No século XIX saem do prelo 23 edições em vários idiomas:
  • francês 4, 
  • castelhano 1, 
  • inglês 3, 
  • dinamarquês 1, 
  • holandês 1, 
  • português 11, 
  • bilingues luso-gálica 1 e franco-britanica 1.
É o século da nota Boissonade (1810), do desvendar do nome de Mariana Alcoforado, a provocar uma reviravolta no centro das atenções literárias europeias; e também uma benesse para Portugal, tão necessitado de valores que revitalizem a nação cada vez mais depauperada, e para as investigações de Luciano Cordeiro (1888; 1891). As edições em língua portuguesa, mais a bilingue, representam já 50% do total deste século, sobem a primeiro plano e vão influenciar, através da actuação de um diplomata e investigador inglês, Edgar Prestage, que traduz para a sua língua e torna conhecida, em Londres e Portland-Maine, parte do estudo de Soror Marianna de Cordeiro, ao mesmo tempo que motiva as edições de Copenhaga e de Amesterdão.

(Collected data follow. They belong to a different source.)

lemma Edisc_has_derivative:
  fixes rho :: "real \<Rightarrow> int \<Rightarrow> int \<Rightarrow> real" and W :: "int \<Rightarrow> int \<Rightarrow> real"
  assumes W_sym: "\<And>p q. p \<in> {- 2 * int M .. 2 * int M} \<Longrightarrow> q \<in> {- 2 * int M .. 2 * int M}
                  \<Longrightarrow> W (- p) (- q) = W p q"
    and rho_deriv: "\<And>j k. j \<in> idx M \<Longrightarrow> k \<in> idx M \<Longrightarrow>
      ((\<lambda>s. rho s j k) has_real_derivative d j k) (at t)"
    and H_deriv: "\<And>j k. j \<in> idx M \<Longrightarrow> k \<in> idx M \<Longrightarrow>
      ((\<lambda>s. H (rho s j k)) has_real_derivative H' (rho t j k) * d j k) (at t)"
  shows "((\<lambda>s. Edisc L M W H V (rho s)) has_real_derivative
           mesh L M * mesh L M * (\<Sum>j\<in>idx M. \<Sum>k\<in>idx M. xi L M W H' V (rho t) j k * d j k)) (at t)"
proof -
  define h where "h = mesh L M"
  define A where "A = idx M"
  define r where "r = rho t"
  define conv where "conv j k = (\<Sum>i\<in>A. \<Sum>l\<in>A. W (j - i) (k - l) * r i l)" for j k
  define pot where "pot j k = H' (r j k) * d j k + V (real_of_int j * h) (real_of_int k * h) * d j k" for j k
  have "((\<lambda>s. Edisc L M W H V (rho s)) has_real_derivative
     h * h * (\<Sum>j\<in>A. \<Sum>k\<in>A. 1/2 * h * h *
       (\<Sum>i\<in>A. \<Sum>l\<in>A. W (j - i) (k - l) * (d i l * r j k + r i l * d j k)) + pot j k)) (at t)"
    unfolding Edisc_def h_def[symmetric] A_def[symmetric] pot_def add.assoc
    by (intro DERIV_cmult DERIV_sum DERIV_add)
      (use rho_deriv H_deriv in \<open>auto intro!: derivative_eq_intros simp: A_def r_def algebra_simps\<close>)
  moreover have "(\<Sum>j\<in>A. \<Sum>k\<in>A. 1/2 * h * h *
       (\<Sum>i\<in>A. \<Sum>l\<in>A. W (j - i) (k - l) * (d i l * r j k + r i l * d j k)) + pot j k)
      = (\<Sum>j\<in>A. \<Sum>k\<in>A. xi L M W H' V r j k * d j k)"
  proof -
    have "(\<Sum>j\<in>A. \<Sum>k\<in>A. \<Sum>i\<in>A. \<Sum>l\<in>A. W (j - i) (k - l) * (d i l * r j k + r i l * d j k))
        = 2 * (\<Sum>j\<in>A. \<Sum>k\<in>A. d j k * conv j k)"
      using interaction_sum_symmetric[of M W d r, OF W_sym]
      by (simp add: A_def conv_def distrib_left sum.distrib sum_distrib_left mult_ac)
    moreover have "xi L M W H' V r j k * d j k = h * h * (d j k * conv j k) + pot j k" for j k
      by (simp add: xi_def pot_def conv_def h_def A_def algebra_simps)
    ultimately show ?thesis
      by (simp only: sum.distrib sum_distrib_left[symmetric])
  qed
  ultimately show ?thesis
    by (simp add: A_def h_def r_def)
qed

Do século XX aos nossos dias o aumento das publicações é significativo (93% do total da colecção). O conjunto dos séculos XVII, XVIII e XIX, com 34 exemplarcs (7% da colecção), é ainda maioritariamente francês (44%), logo seguido do português (32%), contudo a partir do século XX, aumenta consideravelmente o número de traduções, além das já mencionadas, para alemão, italiano, norueguês, grego, galego, catalão, japonês, checo, polaco e chinês. A posição da língua portuguesa cresce para 354 exemplares (73% do total da colecção), a francesa para 56 (11,5%), seguidas das inglesa (3,3%) e castelhana (3%) com respectivamente 16 e 15 exemplares cada uma e, para as línguas italiana (1,6%) e alemã (1,5%) com respectivamente 8 e 7 exemplares cada uma. Na língua japonesa editam-se 3 exemplares, na checa 2, reduzindo-se as restantes a 1 exemplar cada; salientam-se as 12 edições bilingues luso-gálicas (2,5%), sinal da partilha e troca de ideias, aliadas a uma certa competição, entre editoras e autores de ambos os países. Porém, a maioria dessas edições bilingues e de origem portuguesa, prova de que, aos investigadores franceses, a nossa crítica, mesmo que significativa, não é para levar a sério. Se fosse traduzida para a língua francesa uma obra como a de António Belard da Fonseca, seria suficiente para clarificar melhor a autenticidade feminina e portuguesa das Cartas.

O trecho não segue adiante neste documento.